"We don't know how much we're going to make so we can't pay our employees."
Sure, that makes sense. I know that's what my firm does. t eye. roll. for. evah.
[NAFDA] "There will be an occasional happy, so that it might be crushed under the boot of the writer." From Zorro to Angel (including Wonderfalls, The Inside and Drive), this is where Buffistas come to anoint themselves in the bloodbath.
"We don't know how much we're going to make so we can't pay our employees."
Sure, that makes sense. I know that's what my firm does. t eye. roll. for. evah.
Like any new venture, there are going to be a lot of unknowns. Paying writers a residual may actually help them control initial costs. Using the excuse that they don't know how profitable a venture will be should only be effective on demands for a higher scale.
It's a bullshit excuse in any case because it's not like iTunes (just for example) is some nebulous possibility for the future - there is content for sale online right now. Whether or not it's a successful revenue stream doesn't change the fact consumers and advertisers are paying for online content. Some of that money is owed to the content creators, end of story.

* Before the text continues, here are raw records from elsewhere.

(* Let $W$ and $V$ be binary-input channels such that $V$ is less noisy than $W$. Then for every $n\ge1$ and every $\mathbf{s}\in\{-,+\}^n$, $V^{\mathbf{s}}$ is less noisy than $W^{\mathbf{s}}$; in particular $I(W^{\mathbf{s}})\le I(V^{\mathbf{s}})$.
   Context: A binary-input channel $W\colon\{0,1\}\to\mathcal{Y}$ is a family of transition probabilities $W(y\mid x)$ on a discrete output alphabet; its symmetric capacity $I(W)$ is the mutual information (in bits) between a uniform input in $\{0,1\}$ and the output. A channel $V$ is less noisy than a channel $W$ with the same input alphabet if $I(T;Y)\le I(T;Z)$ for every joint distribution of the form $p(t,x,y,z)=p(x,t)W(y\mid x)V(z\mid x)$. For a binary-input channel $W$, define $W^-(y_1,y_2\mid u_1)=\sum_{u_2\in\{0,1\}}\tfrac12 W(y_1\mid u_1+u_2)W(y_2\mid u_2)$ and $W^+(y_1,y_2,u_1\mid u_2)=\tfrac12 W(y_1\mid u_1+u_2)W(y_2\mid u_2)$ (addition mod 2), and recursively $W^{s_1\cdots s_n}=(W^{s_1\cdots s_{n-1}})^{s_n}$ for $\mathbf{s}=(s_1,\dots,s_n)\in\{-,+\}^n$. *)

theory Defs
  imports Main "HOL-Library.Log_Nat" Complex_Main
begin

text \<open>Output alphabet closed under the polar transforms: base outputs, the
  output pair (y1,y2) of the minus channel, and the output triple (y1,y2,u1) of the
  plus channel. Bits in {0,1} are represented by bool (False = 0, True = 1),
  addition mod 2 is inequality of booleans.\<close>
datatype 'y outp = Base 'y | MinusOut "'y outp" "'y outp" | PlusOut "'y outp" "'y outp" bool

I think they're, ultimately, querying how much money is owed to content creators.
Right, but why not pick a non-zero number now to satisfy the writers' demands? They can always renegotiate later, can't they?
0.001%?
I can't speak from any WGA experience (uh, obviously), but from what I've seen with unions and corporations before, they'll make a non-zero number offer at some point soon, and it'll be absolutely shite.
NYT article on the picket line in NY: [link]
Tina Fey FTW.
Hee. Someone on my flist was perusing the TV Tropes wiki for How to Kill a Character:
7. Hire Tim Minear.
And, hee:
Quote from the The New York Times:
"To fans of the WB's recently canceled Angel, the writer Tim Minear is known affectionately as the Tim Reaper: the master of the fatal plot twist."
They have a big rat out! I love the big rat. Do they have that other places?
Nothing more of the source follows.